Dean Koontz is beginning to sound an awful lot like Cormac McCarthy, I reckon.
Not that I mind. I’ve been studying and writing on McCarthy for almost twenty years. I belong, in other words, to that group that ‘remembers when.’ Call us wizened if you like.
Back in those days, before The Road and No Country for Old Men, there were debates. We wondered if Suttree were the masterpiece. Or was it Blood Meridian? And where did the latter rightfully belong? All the Pretty Horses was downright funny and entertaining compared to what he normally wrote. And people seemed to appreciate it. It did sell, after all. Not many McCarthy books did.
And then came the fateful day on Oprah. Well, that was the beginning of the end. For many of us, anyway.

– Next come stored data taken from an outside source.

(* For each $n$ let $p=p_n\in[0,1]$, let $X\sim\mathrm{Bin}(n,p)$ and $R = R_n = 1 + X + \frac{X(X-1)}{2}$. If $np\to\infty$ as $n\to\infty$, then $$\mathbb{V}(R) = n^3p^3(1-p)(1+o(1)) \quad (n\to\infty).$$
   Context: $\mathbb{V}$ denotes variance. $R$ is the number of regions formed when $n$ cuts are attempted on a pizza, each succeeding independently with probability $p$, with every successful cut meeting all prior successful cuts. *)

theory Defs
  imports "HOL-Probability.Probability"
begin

text \<open>Number of pizza regions when X of the attempted cuts succeed:
  R = 1 + X + X(X-1)/2, as a real number.\<close>
definition regions :: "nat \<Rightarrow> real" where
  "regions x = 1 + real x + real x * (real x - 1) / 2"

definition var_R :: "nat \<Rightarrow> real \<Rightarrow> real" where
  "var_R n q = measure_pmf.variance (binomial_pmf n q) regions"

end

theory Submission
  imports Defs
begin

text \<open>Since R is a quadratic polynomial in X, its variance is a fixed combination of the factorial
  moments E[C(X,j)] = C(n,j) p^j, j \<le> 4. Expanding R and R^2 in the basis C(X,j) yields the exact
  formula Var R = (1-p) (np + 5/2 n(n-1) p^2 + 1/2 n(n-1)(2n-3) p^3). Dividing by (np)^3 (1-p)
  leaves 1 plus a polynomial without constant term in 1/(np) and 1/n, both of which tend to 0.\<close>

lemma expectation_binomial_pmf_choose:
  assumes "p \<in> {0..1}"
  shows "measure_pmf.expectation (binomial_pmf n p) (\<lambda>k. real (k choose j))
           = real (n choose j) * p ^ j"
proof (cases "j \<le> n")
  case False
  then show ?thesis
    using assms by (simp add: expectation_binomial_pmf' binomial_eq_0 sum.neutral)
next
  case True
  define w where "w m i = real (m choose i) * p ^ i * (1 - p) ^ (m - i)" for m i
  have "measure_pmf.expectation (binomial_pmf n p) (\<lambda>k. real (k choose j))
      = (\<Sum>k\<in>{j..n}. w n k * real (k choose j))"
    using assms by (simp add: expectation_binomial_pmf' w_def)
       (rule sum.mono_neutral_right; auto)
  also have "\<dots> = (\<Sum>i\<le>n - j. w n (i + j) * real ((i + j) choose j))"
    using True sum.shift_bounds_cl_nat_ivl[of "\<lambda>k. w n k * real (k choose j)" 0 j "n - j"]
    by (simp add: atLeast0AtMost)
  also have "\<dots> = (\<Sum>i\<le>n - j. real (n choose j) * p ^ j * w (n - j) i)"
  proof (rule sum.cong[OF refl])
    fix i assume "i \<in> {..n - j}"
    then have "real (n choose (i + j)) * real ((i + j) choose j)
        = real (n choose j) * real ((n - j) choose i)"
      using True choose_mult[of j "i + j" n] by (simp flip: of_nat_mult)
    moreover have "n - (i + j) = n - j - i"
      by simp
    ultimately show "w n (i + j) * real ((i + j) choose j)
        = real (n choose j) * p ^ j * w (n - j) i"
      unfolding w_def power_add by (metis (no_types, lifting) mult.commute mult.left_commute)
  qed
  also have "\<dots> = real (n choose j) * p ^ j"
    using binomial_ring[of p "1 - p" "n - j"]
    by (simp add: w_def sum_distrib_left[symmetric] atLeast0AtMost)
  finally show ?thesis .
qed

lemma real_choose_2_3_4:
  "real (k choose 2) = real k * (real k - 1) / 2"
  "real (k choose 3) = real k * (real k - 1) * (real k - 2) / 6"
  "real (k choose 4) = real k * (real k - 1) * (real k - 2) * (real k - 3) / 24"
  by (simp_all add: binomial_gbinomial gbinomial_prod_rev eval_nat_numeral prod.atLeast0_lessThan_Suc)

lemma regions_eq_choose: "regions k = 1 + real k + real (k choose 2)"
  by (simp add: regions_def real_choose_2_3_4)

lemma regions_squared_eq_choose:
  "(regions k)\<^sup>2
     = 1 + 3 * real k + 9 * real (k choose 2) + 12 * real (k choose 3) + 6 * real (k choose 4)"
  by (simp add: regions_def real_choose_2_3_4 power2_eq_square field_simps)

lemma var_R_closed_form:
  assumes "p \<in> {0..1}"
  shows "var_R n p = (1 - p) * (real n * p + 5/2 * real n * (real n - 1) * p^2
                        + real n * (real n - 1) * (2 * real n - 3) / 2 * p^3)"
proof -
  let ?E = "measure_pmf.expectation (binomial_pmf n p)"
  have moment: "?E (\<lambda>k. real (k choose j)) = real (n choose j) * p ^ j" for j
    using assms by (rule expectation_binomial_pmf_choose)
  have mean: "?E regions = 1 + real n * p + real (n choose 2) * p^2"
    using assms moment[of 1] moment[of 2] by (simp add: regions_eq_choose[abs_def])
  have second_moment: "?E (\<lambda>k. (regions k)\<^sup>2) = 1 + 3 * (real n * p)
      + 9 * (real (n choose 2) * p^2) + 12 * (real (n choose 3) * p^3) + 6 * (real (n choose 4) * p^4)"
    using assms moment[of 1] moment[of 2] moment[of 3] moment[of 4]
    by (simp add: regions_squared_eq_choose)
  have "var_R n p = ?E (\<lambda>k. (regions k)\<^sup>2) - (?E regions)\<^sup>2"
    using assms unfolding var_R_def by (simp add: measure_pmf.variance_eq)
  also have "\<dots> = (1 - p) * (real n * p + 5/2 * real n * (real n - 1) * p^2
                        + real n * (real n - 1) * (2 * real n - 3) / 2 * p^3)"
    unfolding mean second_moment real_choose_2_3_4
    by (simp add: field_simps power2_eq_square power3_eq_cube power4_eq_xxxx)
  finally show ?thesis .
qed

lemma var_R_eq_leading_term:
  assumes "p \<in> {0..1}" and "real n * p \<noteq> 0"
  defines "u \<equiv> inverse (real n * p)" and "v \<equiv> inverse (real n)"
  shows "var_R n p
           = (real n * p) ^ 3 * (1 - p) * (1 + (u\<^sup>2 + 5/2 * u - 5/2 * u * v - 5/2 * v + 3/2 * v\<^sup>2))"
proof -
  have "real n \<noteq> 0" "p \<noteq> 0"
    using assms(2) by auto
  then show ?thesis
    unfolding var_R_closed_form[OF assms(1)] u_def v_def
    by (simp add: field_simps power2_eq_square power3_eq_cube)
qed

theorem theorem3:
  fixes p :: "nat \<Rightarrow> real"
  assumes "\<And>n. 0 \<le> p n \<and> p n \<le> 1"
    and "filterlim (\<lambda>n. real n * p n) at_top sequentially"
  shows "\<exists>e :: nat \<Rightarrow> real. e \<longlonglongrightarrow> 0 \<and>
    (\<forall>\<^sub>F n in sequentially.
       var_R n (p n) = (real n * p n) ^ 3 * (1 - p n) * (1 + e n))"
proof -
  define u where "u n = inverse (real n * p n)" for n
  define v where "v n = inverse (real n)" for n
  define e where "e n = (u n)\<^sup>2 + 5/2 * u n - 5/2 * u n * v n - 5/2 * v n + 3/2 * (v n)\<^sup>2" for n
  have "u \<longlonglongrightarrow> 0"
    unfolding u_def using assms(2) by (rule tendsto_inverse_0_at_top)
  moreover have "v \<longlonglongrightarrow> 0"
    unfolding v_def using filterlim_real_sequentially by (rule tendsto_inverse_0_at_top)
  ultimately have "e \<longlonglongrightarrow> 0"
    unfolding e_def by (auto intro!: tendsto_eq_intros)
  moreover have "\<forall>\<^sub>F n in sequentially. 1 \<le> real n * p n"
    using assms(2) unfolding filterlim_at_top by blast
  then have "\<forall>\<^sub>F n in sequentially. var_R n (p n) = (real n * p n) ^ 3 * (1 - p n) * (1 + e n)"
  proof eventually_elim
    case (elim n)
    then have "real n * p n \<noteq> 0"
      by linarith
    with assms(1)[of n] show ?case
      unfolding e_def u_def v_def by (intro var_R_eq_leading_term) auto
  qed
  ultimately show ?thesis
    by blast
qed

end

Here comes this Koontz character, now. The first book in his new Jane Hawk series was alright. The Silent Corner, he called it. A tactical thriller, with an FBI agent gone rogue to prevent mankind from being controlled through nanotechnology. That may sound like high-falutin stuff to you. But the way Koontz tells it, it’s the classic battle of good versus evil. People of virtue, sacrifice, and honor putting the metal to the self-interested, self-satisfied buffoons. Throw a healthy dose of the Catholic tradition in there and you’ve got yourself a satisfying yarn.
But he didn’t sound like McCarthy. Yet.
Now the sequel, well, this here is getting McCarthy-like. Jane Hawk rode on in The Whispering Room. But this time Koontz animates the sky like he’s been studying The Border Trilogy. Witness:
The wind shaped the mist into phantom forms, which it harried west to east, as if the ghosts of countless sailors drowned at sea were returning to shore, an exodus from many thousands of watery graves in some Last Days accounting of the human experience and a reckoning of its debts.
If that ain’t straight out of the old school McCarthy playbook, I don’t know what is. And if that’s not grand enough for you, here’s how Koontz paints the climactic moment of a tense shootout:
…he collapsed in a judgment of blood like a penitent whose confession was rejected by some angry god.
That’s a bit chilling, if you were to ask me. Passages like that throughout The Whispering Room make me wonder if Koontz is calling in some literary favors. I mean, if you want to get all apocalyptic, who better to call on in this day and age than McCarthy?
Koontz seems to have adopted another of McCarthy’s habits, too: big words. I mean, them big words that fit in just the right place and there’s no other word for it and you’re happy you looked it up anyway. Koontz talks about “a general air of senescence” at one point, for instance. And I nearly jumped out of my skin when he combined one of these big OED words with a landscape: “…squinting at land rutilant with the light of the low sun, as if some nuclear catastrophe had rendered it radioactive and unfit to sustain life.” That right there is worthy.
I’ve heard McCarthy described as a prophet. A somewhat reluctant truth-teller in wolf’s clothing. That kind of thing. But McCarthy’s best days are probably past, though some of us yet hope. Still, who will take up that mantle? Who will prophesy?
If Koontz is to do it, he’s off to a promising start. He reminds us of the dangers in our midst. And the people of our times need to be told what evil is. Not just bad guys. Evil, with a capital “E.” I’ll leave you, then, with a bit of that from Koontz, who is someone worth listening to on this matter.
Evil…as it was in fact: ruthless and irrational, selfish above all else, convinced of its righteousness and of the beauty of disorder.